Visualise differences in access to natural resources at different levels and through different dimensions (social, political, economic, ecological…).

Systems SDG8 Decent work and economic growth

Discuss the inherent contradiction between economic growth and wider global crises. Consider how a systemic view underpins the circular economy. Recognise the complexity of the knowledge economy and how this differs from traditional economic models.

Systems SDG9 Industry, innovation and infrastructure

Understand how local, national and international industry, systems and infrastructure are connected.

Systems SDG10 Reduced inequalities

Make responsible decisions about own food and shopping and consumption habits that are in the interests of sustainable agriculture.

Systems SDG11 Sustainable cities and communities

Consider societal systems as complex systems that are connected to physical, social, psychological human needs over time and in different contexts.

Systems SDG12 Responsible consumption and production

Understand production and consumption patterns and value chains and the interrelatedness of production and consumption and how individual lifestyle choices influence social, economic and environmental development.

Systems SDG13 Climate action

Understand how natural and human phenomena which cause climate change are interconnected and be aware of the responsibilities of the dominant current development paradigm.

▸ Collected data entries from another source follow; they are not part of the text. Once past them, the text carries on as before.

theorem lemma4p28:
  shows "(\<exists>chi. good_cutoff chi) \<and>
    (\<forall>chi. good_cutoff chi \<longrightarrow>
      (\<exists>C>0. \<forall>\<eta>. 0 < \<eta> \<and> \<eta> < 1 \<longrightarrow>
          \<bar>hankel1 (\<lambda>x. chi x / x ^ 5) \<eta>\<bar> \<le> C * \<eta> ^ 3 * jbr (ln \<eta>)) \<and>
      (\<forall>k::real. k \<ge> 0 \<longrightarrow> (\<exists>Ck>0. \<forall>\<eta>\<ge>1.
          \<bar>hankel1 (\<lambda>x. chi x / x ^ 5) \<eta>\<bar> \<le> Ck / \<eta> powr k)))"
proof (intro conjI allI impI)
  show "\<exists>chi. good_cutoff chi"
    by (rule exists_good_cutoff)
next
  fix chi assume good: "good_cutoff chi"
  then obtain D where D: "\<And>x. x \<ge> 0 \<Longrightarrow> D 0 x = chi x"
    "\<And>n x. x \<ge> 0 \<Longrightarrow> (D n has_real_derivative D (Suc n) x) (at x within {0..})"
    unfolding good_cutoff_def smooth_nonneg_def by blast
  interpret smooth_cutoff chi D
    using D good by unfold_locales (auto simp: good_cutoff_def)
  show "\<exists>C>0. \<forall>\<eta>. 0 < \<eta> \<and> \<eta> < 1 \<longrightarrow> \<bar>hankel1 (\<lambda>x. chi x / x ^ 5) \<eta>\<bar> \<le> C * \<eta> ^ 3 * jbr (ln \<eta>)"
    using good by (intro hankel1_small_eta_bound) (auto simp: good_cutoff_def)
  fix k :: real assume "k \<ge> 0"
  then show "\<exists>Ck>0. \<forall>\<eta>\<ge>1. \<bar>hankel1 (\<lambda>x. chi x / x ^ 5) \<eta>\<bar> \<le> Ck / \<eta> powr k"
    by (rule hankel1_decay_powr)
qed

end
theorem proposition2p16:
  fixes A :: "real set" and X :: "'a topology" and Xh :: "'b topology"
    and \<pi> :: "'b \<Rightarrow> 'a" and T :: "real \<Rightarrow> 'b \<Rightarrow> 'b"
  assumes "A = \<int> \<or> A = UNIV"
    and "path_connected_space X" and "compact_space X"
    and "principal_bundle A X Xh \<pi> T"
    and "standard_cocycles A X Xh \<pi> T \<noteq> {}"
    and "\<alpha>1 \<in> standard_cocycles A X Xh \<pi> T" and "\<alpha>2 \<in> standard_cocycles A X Xh \<pi> T"
    and "lifts_homeo X Xh \<pi> gh g"
    and "x \<in> topspace X"
    and "invariant_borel_prob X g \<mu>"
  shows "(\<forall>L. (rot_seq A X Xh \<pi> T \<alpha>1 gh x \<longlonglongrightarrow> L) \<longleftrightarrow> (rot_seq A X Xh \<pi> T \<alpha>2 gh x \<longlonglongrightarrow> L))
       \<and> mean_rot A X Xh \<pi> T \<alpha>1 gh \<mu> = mean_rot A X Xh \<pi> T \<alpha>2 gh \<mu>"
proof -
  have A0: "0 \<in> A" and A_diff: "\<And>r s. r \<in> A \<Longrightarrow> s \<in> A \<Longrightarrow> r - s \<in> A"
    using assms(1) by auto
  have "gh ` topspace Xh \<subseteq> topspace Xh"
    using assms(8) homeomorphic_imp_surjective_map unfolding lifts_homeo_def by blast
  then show ?thesis
    using rot_seq_standard_cocycles_LIMSEQ_iff[OF A0 A_diff assms(4,3,6,7) _ assms(9)]
      mean_rot_standard_cocycles_eq[OF A0 A_diff assms(4,3,6,7,8,10)]
    by blast
qed

end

Apply the systemic view and approach to forecast possible future scenario, to take decisions in conditions of uncertainty and to assess risks and impacts and therefore ensure the necessary flexibility.

Systems SDG14 Life below water

Understand the links between climate change, sea-level rise and over-consumption of seafood products.

Systems SDG15 Life on land

Understand how human life depends and impacts on natural habitats and their biodiversity and how current socio-environmental systems are having a serious impact on earth and oceanic habitats and biodiversity.

Systems SDG16 Peace, justice and strong institutions

Understand how power imbalances affect situations and how conflict or insecurity can have unforeseen consequences (e.g. movement of people).

Useful reading for Systems

  • Geisen G 2014 Autopoiesis. Perspective on sustainable, meaningful education. Utrecht: Duurzaam Door.
  • Henderson, K and Tilbury, D 2004 Whole-School Approaches to Sustainability: An International Review of Sustainable School Programs. Report Prepared by the Australian Research Institute in Education for Sustainability (ARIES) for The Department of the Environment and Heritage, Australian Government
  • Raworth K 2017 Doughnut Economics: seven ways to think like a 21st century economist. Random House (see chapter 4 – Get Savvy with Systems) – A useful way of showing how environmental and social concerns can guide economic development.
  • Scott W & Vare P 2018 The World We’ll Leave Behind. London: Routledge. (In particular chapter 33 Systems and systems thinking) – Very short, readable chapters introducing a wide range of sustainability issues.